2007年02月03日 | オールスター

オールスターの全メンバーが発表された。
ファン投票によってスターターが、リーグ各HCの投票によってリザーブのメンバーが選ばれたわけだが、今年もまた異論の残る結果となった。
選ばれるべき選手が選ばれない、という残念な事態が起きているのだ。
イーストではマイケル・レッドとジョー・ジョンソン、ウェストではレイ・アレンやジョシュ・ハワード、そしてカーメロ・アンソニーだ。

傾向として、ファンが選ぶのは当然「人気のある選手」になってしまうのだが、それに対しHCが選ぶ選手は「チームを勝たすことができる選手」となることが多い。
これはHCが「勝利」を追い求める立場であるがゆえに、「良い選手=勝てる選手」という図式で物事を判断するためだ。
つまり、いくら活躍をしていても所属チームが勝っていなければ評価されず、逆にチームが勝っていれば個人成績以上の評価を得られる。

今年の場合、レッド、JJ、アレンらがその「個人成績はいいがチームが弱い」ために選ばれなかった例だ。
しかし僕は個人的に、“平均25点以上”の選手はそれだけでオールスターになる資格が十分あるのではないかと思う。
25点超えはリーグでも一握りの選手しか到達できない領域であり、チームが弱かろうが何だろうが、それだけでも評価に値することだと思う。
ちなみに3選手の数字は、レッド(27.7点/リーグ4位)、アレン(26.6点/リーグ8位)、JJ(25.3点/リーグ9位)である。

そして最もかわいそうなのが、“オールスターに出場できないベストプレーヤー”メロだ。
NBA入りしてから4シーズン目を迎えるメロだが、これまでも毎年いつ選ばれていてもおかしくはなかった。
もしメロがイーストのチームにいたなら、もう4年連続4回目の出場になっていただろう。
しかし最も狭き門であるウェストのフォワード部門の壁に阻まれ、未だ一度も選ばれていない。
ただ今季はプレーヤーとして大きく成長し、アメリカ代表ではエースを務め、シーズンに入ってもリーグ得点王を突っ走る大活躍を見せた。
選ばれなかった理由はただ一点、あの乱闘事件による出場停止、これに尽きるのだろう。

しかし、である。
出場停止があったとはいえ、平均得点は規定数を超えてリーグトップのまま(31.3点)であるし、復帰後も同様のペースをキープしている。
先に挙げたレッド、JJ、アレンらは、途中ケガで戦線離脱したことが評価に大きく影響した。
要するに何が言いたいのかというと、彼らが選ばれなかった一番の理由はそこにある。
“HCたちがオールスターを選ぶ時期にちょうどプレーしていなかった”からなのだ。
だから印象が薄まり、HCたちは“その時活躍していた選手”を選んでしまった。

しかし思い出して欲しい。
例えばレッドやJJは、シーズン序盤30点に迫る平均得点をキープし、リーグ3位と4位につけていたほどだった。
メロは言うに及ばず、ずっと得点王の座を譲っていない。
休んだ時期があったとはいえ、ここに挙げた選手たちは皆規定数をクリアしているわけで、それはつまり“十分出場している”という証になる。
ポール・ピアースやクリス・ポールのように規定数に達しない選手は仕方がない。
だが彼らは正当な評価に値する選手たちだ。
「途中いなかったから序盤の活躍度を忘れてしまった」というのなら、それは悲しすぎる。
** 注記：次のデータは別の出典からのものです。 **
(* Let $f:\mathbb{R}^d\to\mathbb{R}$ with $f^*:=\sup_\theta f(\theta)<\infty$ and let $\epsilon\in(0,1)$. Assume (i) $f$ is $L$-smooth; (ii) $f$ satisfies the non-uniform Łojasiewicz condition with $\xi=0$: $\|\nabla f(\theta)\|_2\ge C(\theta)|f^*-f(\theta)|$ for all $\theta$, for some $C:\mathbb{R}^d\to(0,\infty)$. Run $\theta_{t+1}=\theta_t+\eta_t\hat g(\theta_t)$, where (a) $\hat g(\theta)$ is a stochastic gradient with $\mathbb{E}[\hat g(\theta)]=\nabla f(\theta)$ and $\mathbb{E}\|\hat g(\theta)-\nabla f(\theta)\|_2^2\le\sigma^2$, and (b) $\eta_t=\eta_0\alpha^t$ with $\eta_0=1/L$, $\alpha=(\beta/T)^{1/T}$, $\beta\ge1$. Assume (iii) $\mu:=\Big[\mathbb{E}\big[\big(\inf_{t\ge1}[C(\theta_t)]^2\big)^{-1}\big]\Big]^{-1}>0$. Then, if $\mathbb{E}[f^*-f(\theta_t)]>\epsilon$ for all $t\in[1,T]$, $$\mathbb{E}[f^*-f(\theta_{T+1})]\le \mathbb{E}[f^*-f(\theta_1)]\,C_1\exp\Big(-\frac{\alpha\,\epsilon\,T}{\kappa\ln(T/\beta)}\Big)+\frac{C_1C_2}{2L}\frac{\ln^2(T/\beta)\,\sigma^2}{\epsilon^2 T},$$ where $\kappa:=2L/\mu$, $C_1:=\exp\big(\frac{2\beta}{\kappa\ln(T/\beta)}\big)$, $C_2:=\frac{4\kappa^2}{e^2\alpha^2}$. Otherwise $\min_{t\in[1,T]}\mathbb{E}[f^*-f(\theta_t)]\le\epsilon$.
   Context: $f$ is $L$-smooth means $|f(\theta)-f(\theta')-\langle\nabla f(\theta'),\theta-\theta'\rangle|\le\frac L2\|\theta-\theta'\|_2^2$ for all $\theta,\theta'$. Expectations are over the randomness of the stochastic gradients along the trajectory. *)

theory Defs
  imports "HOL-Probability.Probability"
begin

definition L_smooth :: "real \<Rightarrow> ('a::euclidean_space \<Rightarrow> real) \<Rightarrow> ('a \<Rightarrow> 'a) \<Rightarrow> bool" where
  "L_smooth L f grad \<longleftrightarrow>
     (\<forall>\<theta> \<theta>'. \<bar>f \<theta> - f \<theta>' - grad \<theta>' \<bullet> (\<theta> - \<theta>')\<bar> \<le> L / 2 * (norm (\<theta> - \<theta>'))\<^sup>2)"

definition is_filtration :: "'b measure \<Rightarrow> (nat \<Rightarrow> 'b measure) \<Rightarrow> bool" where
  "is_filtration M F \<longleftrightarrow> (\<forall>t. subalgebra M (F t) \<and> sets (F t) \<subseteq> sets (F (Suc t)))"

end

theory Submission
  imports Defs
begin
もう一つ、ジョシュ・ハワードの話は今までとニュアンスが異なる。

冒頭に「勝てる選手は評価が高い」と書いたが、それが証拠に、今季17連勝をマークするなど絶好調のサンズからはナッシュ、アマレ、マリオンと3人が選ばれている。
昨年も70勝ペースで勝ち進んでいたピストンズから、チーム好調のご褒美的に4人もの選手が選ばれている。
だが、サンズ(37勝9敗)を上回るリーグトップの38勝9敗を挙げているマブズからはノヴィツキーただ1人しか選ばれていない。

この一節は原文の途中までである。